Visually impaired jazz musicians hit all the right notes
Published 7:15 am Thursday, April 7, 2016
- Members of the state School for the Blind high school jazz band play at the Capitol this week during an event designed to highlight Oklahomans with disabilities. The group is one of the only high school bands in the nation whose members are all visually impaired.
OKLAHOMA CITY — When Chris Ferrell took over the jazz band at a new school seven years ago, it was obvious that some of his most trusted, non-verbal tools for leading musicians wouldn’t work.
Ferrell leads one of the few high school bands in the country whose members are all visually impaired. He doesn’t conduct the band from the Muskogee School for the Blind, so much as he calls out song selections, claps his hands to give the student musicians a rhythm, counts them off and steps aside.
“Everything is either tactile or audio,” he said after a concert at the state Capitol this week. “There’s no real conducting. Once I count them off, that’s it. They have to be together as group.”
The 19 musicians are all visually impaired. They cannot see Ferrell, read normal music or any pick up any non-verbal cues.
Sight-reading braille music isn’t really feasible, since musicians need both hands to play their instruments.
So Ferrell’s band spends hours memorizing every selection, sometimes listening to songs over and over to learn nuances and how each instrument fits into the piece.
Ferrell said such ensembles are “more rare than you think.”
“We’re one of the only schools for the blind in the nation that has a band at all,” he said. “Most schools for the blind go towards choir.
“I’m not saying it’s harder than choir…but it’s just difficult playing a musical instrument,” he said.
And, he noted, his musicians simply wouldn’t have an opportunity to play in a traditional public school.
“There’s no way,” he said. “I mean, I taught public school, and we never had a visually impaired child in our class. It’s not geared for them.”
Still, given the prominence of some blind musicians — think Ronnie Milsap, Ray Charles and Stevie Wonder — Ferrell said there’s sometimes a perception that the visually impaired are naturally musically gifted.
“They’re just the same as everyone else,” he said. “Everybody works really hard, and it pays off.”
This week, Ferrell’s musicians were featured guests at the annual People with Disabilities Awareness Day at the state Capitol. They were fresh from a winning performance at a band competition in Tahlequah, where they’d taken top prize in their division and received the second-highest score overall.
Richelle Zampella, 15, an alto saxophonist, said she learns music first by listening to it. The more she practices, the easier it becomes.
“The faster passages (are) harder to pick up by ear,” she admits.
During her performance at the Capitol, the Muskogee freshman belted out what sounded like a flawless solo during the song “Little Sunflower.”
“It’s great experience, trying to find your own voice,” she said.
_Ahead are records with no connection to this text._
lemma nn_integral_chain_dens_marginal:
  fixes W :: "(nat \<Rightarrow> 'a) \<Rightarrow> ennreal"
  assumes "k \<le> n" "n \<le> K"
    and W: "\<And>i. k \<le> i \<Longrightarrow> W \<in> borel_measurable (lborel_Pi {0..i})"
    and W_upd: "\<And>y i z. k < i \<Longrightarrow> W (y(i := z)) = W y"
  shows "(\<integral>\<^sup>+ y. W y * chain_dens n y \<partial>lborel_Pi {0..n}) = (\<integral>\<^sup>+ y. W y * chain_dens k y \<partial>lborel_Pi {0..k})"
  using assms(1,2)
proof (induction n)
  case (Suc n)
  show ?case
  proof (cases "k = Suc n")
    case False
    then have "k \<le> n" "n < K" using Suc.prems by auto
    have "(\<integral>\<^sup>+ y. W y * chain_dens (Suc n) y \<partial>lborel_Pi {0..Suc n})
        = (\<integral>\<^sup>+ y. (\<integral>\<^sup>+ e. W y \<partial>(std_gauss::'a measure)) * chain_dens n y \<partial>lborel_Pi {0..n})"
    proof (rule nn_integral_chain_dens_Suc[OF \<open>n < K\<close>, where F="\<lambda>y e. W y"])
      show "(\<lambda>p. W (fst p)) \<in> borel_measurable (lborel_Pi {0..Suc n} \<Otimes>\<^sub>M lborel)"
        using \<open>k \<le> n\<close> by (intro measurable_compose[OF measurable_fst W]) simp
      show "W (y(Suc n := z)) = W y" for y z
        using \<open>k \<le> n\<close> by (intro W_upd) simp
    qed
    also have "\<dots> = (\<integral>\<^sup>+ y. W y * chain_dens n y \<partial>lborel_Pi {0..n})"
      using prob_space.emeasure_space_1[OF prob_space_std_gauss[where 'a='a]] by simp
    finally show ?thesis
      using Suc.IH \<open>k \<le> n\<close> \<open>n < K\<close> by simp
  qed simp
qed simp

lemma nn_integral_chain_dens: "n \<le> K \<Longrightarrow> (\<integral>\<^sup>+ y. chain_dens n y \<partial>lborel_Pi {0..n}) = 1"
  using nn_integral_chain_dens_marginal[of 0 n "\<lambda>_. 1"] nn_integral_chain_dens_0 by simp
(* Let $C$ be a binary linear $[n,k]$ code with minimum distance $d(C)$ and covering radius $\rho(C)$, let $G$ be a generator matrix of $C$ with rows $\mathbf r_1,\dots,\mathbf r_k$, let $\mathbf x=(x_1,\dots,x_n)\in\mathbb F_2^n$ and $y_i=\mathbf x\cdot\mathbf r_i$. Let $C_i$ ($i=1,2,3$) be the code obtained by any of Constructions I–IV, namely: $C_1$ (when $\mathbf x\cdot\mathbf x=1$) and $C_3$ (when $\mathbf x\cdot\mathbf x=0$) generated by the matrix with first row $(1,0,x_1,\dots,x_n)$ and further rows $(y_i,y_i,\mathbf r_i)$, $1\le i\le k$; and $C_2$ (when $\mathbf x\cdot\mathbf x=0$) generated by the matrix with first row $(1,1,x_1,\dots,x_n)$ and further rows $(y_i,0,\mathbf r_i)$, $1\le i\le k$. Then \[ \min\{d(C),\mathrm{weight}(\mathbf x+C)+1\}\le d(C_i)\le \rho(C)+2 . \]
   Context: $\mathrm{weight}(\mathbf x+C)$ denotes the minimum Hamming weight of a vector in the coset $\mathbf x+C$. The covering radius $\rho(C)$ is the maximum over $\mathbf u\in\mathbb F_2^n$ of the Hamming distance from $\mathbf u$ to $C$. Dot products are standard over $\mathbb F_2$. *)

theory Defs
  imports Main
begin

text \<open>Binary vectors of length n are represented as bool lists of length n
  (True = 1, False = 0). Addition over F_2 is componentwise xor.\<close>

definition zerov :: "nat \<Rightarrow> bool list" where
  "zerov n = replicate n False"

definition vadd :: "bool list \<Rightarrow> bool list \<Rightarrow> bool list" where
  "vadd u v = map2 (\<noteq>) u v"

definition wt :: "bool list \<Rightarrow> nat" where
  "wt v = length (filter id v)"

definition dotp :: "bool list \<Rightarrow> bool list \<Rightarrow> bool" where
  "dotp u v = odd (length (filter id (map2 (\<and>) u v)))"

definition lin_comb :: "nat \<Rightarrow> bool list list \<Rightarrow> bool list \<Rightarrow> bool list" where
  "lin_comb n rs cs = foldr vadd (map snd (filter fst (zip cs rs))) (zerov n)"

definition span :: "nat \<Rightarrow> bool list list \<Rightarrow> bool list set" where
  "span n rs = {lin_comb n rs cs | cs. length cs = length rs}"

definition lin_indep :: "nat \<Rightarrow> bool list list \<Rightarrow> bool" where
  "lin_indep n rs \<longleftrightarrow> (\<forall>cs. length cs = length rs \<and> lin_comb n rs cs = zerov n \<longrightarrow> (\<forall>c\<in>set cs. \<not> c))"

definition gen_matrix :: "nat \<Rightarrow> nat \<Rightarrow> bool list list \<Rightarrow> bool" where
  "gen_matrix n k G \<longleftrightarrow> length G = k \<and> (\<forall>r\<in>set G. length r = n) \<and> lin_indep n G"

definition min_dist :: "nat \<Rightarrow> bool list set \<Rightarrow> nat" where
  "min_dist n C = Min {wt c | c. c \<in> C \<and> c \<noteq> zerov n}"

definition coset_wt :: "bool list \<Rightarrow> bool list set \<Rightarrow> nat" where
  "coset_wt x C = Min {wt (vadd x c) | c. c \<in> C}"

definition cov_radius :: "nat \<Rightarrow> bool list set \<Rightarrow> nat" where
  "cov_radius n C = Max {Min {wt (vadd u c) | c. c \<in> C} | u. length u = n}"

definition constr13 :: "bool list list \<Rightarrow> bool list \<Rightarrow> bool list list" where
  "constr13 G x = (True # False # x) # map (\<lambda>r. dotp x r # dotp x r # r) G"

definition constr2 :: "bool list list \<Rightarrow> bool list \<Rightarrow> bool list list" where
  "constr2 G x = (True # True # x) # map (\<lambda>r. dotp x r # False # r) G"

end

theory Submission
  imports Defs
begin

(* Both constructions append a prefix t to x and the prefix (x \<cdot> r\<^sub>i) w to each row r\<^sub>i, for
  words t, w of length 2 with t \<noteq> 0 and t \<noteq> w (C\<^sub>1, C\<^sub>3: t = 10, w = 11; C\<^sub>2: t = 11, w = 10).
  As c \<mapsto> ((x \<cdot> c) w, c) is linear, the new code consists of the words ((x \<cdot> c) w, c) and
  (t + (x \<cdot> c) w, x + c) for c \<in> C.  A nonzero word of the first kind has c \<noteq> 0, so weight
  \<ge> d(C); one of the second kind has a nonzero prefix, so weight \<ge> weight(x + C) + 1.  Taking x + c
  a coset leader gives a word of weight \<le> weight(x + C) + 2 \<le> \<rho>(C) + 2.  Neither the parity of
  x \<cdot> x nor the linear independence of the rows (nor k \<ge> 1) plays any role. *)

lemma length_zerov [simp]: "length (zerov m) = m"
  by (simp add: zerov_def)

lemma zerov_add: "zerov (m + n) = zerov m @ zerov n"
  by (simp add: zerov_def replicate_add)

lemma length_vadd [simp]: "length (vadd u v) = min (length u) (length v)"
  by (simp add: vadd_def)

lemma vadd_Cons: "vadd (a # u) (b # v) = (a \<noteq> b) # vadd u v"
  by (simp add: vadd_def)

lemma vadd_append: "length u = length u' \<Longrightarrow> vadd (u @ v) (u' @ v') = vadd u u' @ vadd v v'"
  by (simp add: vadd_def)

lemma vadd_self: "vadd u u = zerov (length u)"
  by (induction u) (simp_all add: vadd_def zerov_def)

lemma vadd_zerov_right: "length u = m \<Longrightarrow> vadd u (zerov m) = u"
  by (induction u arbitrary: m) (auto simp: vadd_def zerov_def)

lemma vadd_zerov_left: "length u = m \<Longrightarrow> vadd (zerov m) u = u"
  by (induction u arbitrary: m) (auto simp: vadd_def zerov_def)

lemma wt_append: "wt (u @ v) = wt u + wt v"
  by (simp add: wt_def)

lemma wt_le_length: "wt v \<le> length v"
  by (simp add: wt_def)

lemma wt_zerov: "wt (zerov m) = 0"
  by (simp add: wt_def zerov_def)

lemma dotp_Cons: "dotp (a # x) (b # u) = ((a \<and> b) \<noteq> dotp x u)"
  by (cases a; cases b) (simp_all add: dotp_def)

lemma dotp_vadd:
  "length u = length x \<Longrightarrow> length v = length x \<Longrightarrow> dotp x (vadd u v) = (dotp x u \<noteq> dotp x v)"
proof (induction x arbitrary: u v)
  case Nil
  then show ?case by (simp add: dotp_def vadd_def)
next
  case (Cons a x)
  then show ?case by (cases u; cases v) (auto simp: vadd_Cons dotp_Cons)
qed

lemma dotp_zerov: "\<not> dotp x (zerov m)"
proof (induction x arbitrary: m)
  case (Cons a x)
  then show ?case by (cases m) (simp_all add: dotp_def zerov_def dotp_Cons)
qed (simp add: dotp_def)

definition bscale :: "bool \<Rightarrow> bool list \<Rightarrow> bool list" where
  "bscale a w = (if a then w else zerov (length w))"

lemma length_bscale [simp]: "length (bscale a w) = length w"
  by (simp add: bscale_def)

lemma bscale_xor: "bscale (a \<noteq> b) w = vadd (bscale a w) (bscale b w)"
  by (simp add: bscale_def vadd_self vadd_zerov_left vadd_zerov_right)

lemma lin_comb_Cons:
  "lin_comb m (r # rs) (c # cs) = (if c then vadd r (lin_comb m rs cs) else lin_comb m rs cs)"
  by (simp add: lin_comb_def)

lemma lin_comb_no_coeffs [simp]: "lin_comb m rs [] = zerov m"
  by (simp add: lin_comb_def)

lemma lin_comb_no_rows [simp]: "lin_comb m [] cs = zerov m"
  by (simp add: lin_comb_def)

lemma length_lin_comb: "\<forall>r\<in>set rs. length r = m \<Longrightarrow> length (lin_comb m rs cs) = m"
proof (induction rs arbitrary: cs)
  case (Cons r rs)
  then show ?case by (cases cs) (simp_all add: lin_comb_Cons)
qed simp

lemma lin_comb_map_linear:
  assumes rows: "\<forall>r\<in>set rs. length r = n"
    and add: "\<And>u v. length u = n \<Longrightarrow> length v = n \<Longrightarrow> f (vadd u v) = vadd (f u) (f v)"
    and zero: "f (zerov n) = zerov m"
  shows "lin_comb m (map f rs) cs = f (lin_comb n rs cs)"
  using rows
proof (induction rs arbitrary: cs)
  case (Cons r rs)
  then show ?case
    by (cases cs) (simp_all add: zero lin_comb_Cons add length_lin_comb)
qed (simp add: zero)

lemma lin_comb_in_span: "length cs = length rs \<Longrightarrow> lin_comb m rs cs \<in> span m rs"
  by (auto simp: span_def)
Tenor saxophonist Jennifer Ratliff said her favorite part of playing is showing people “that we can really play music well even though we’ve got a disability.”
In addition to the tenor sax, the 17-year-old senior from Roland plays piano and hopes to pick up even more instruments.
She hopes to take her love of music to Southern Nazarene University, where she’ll start college in the fall.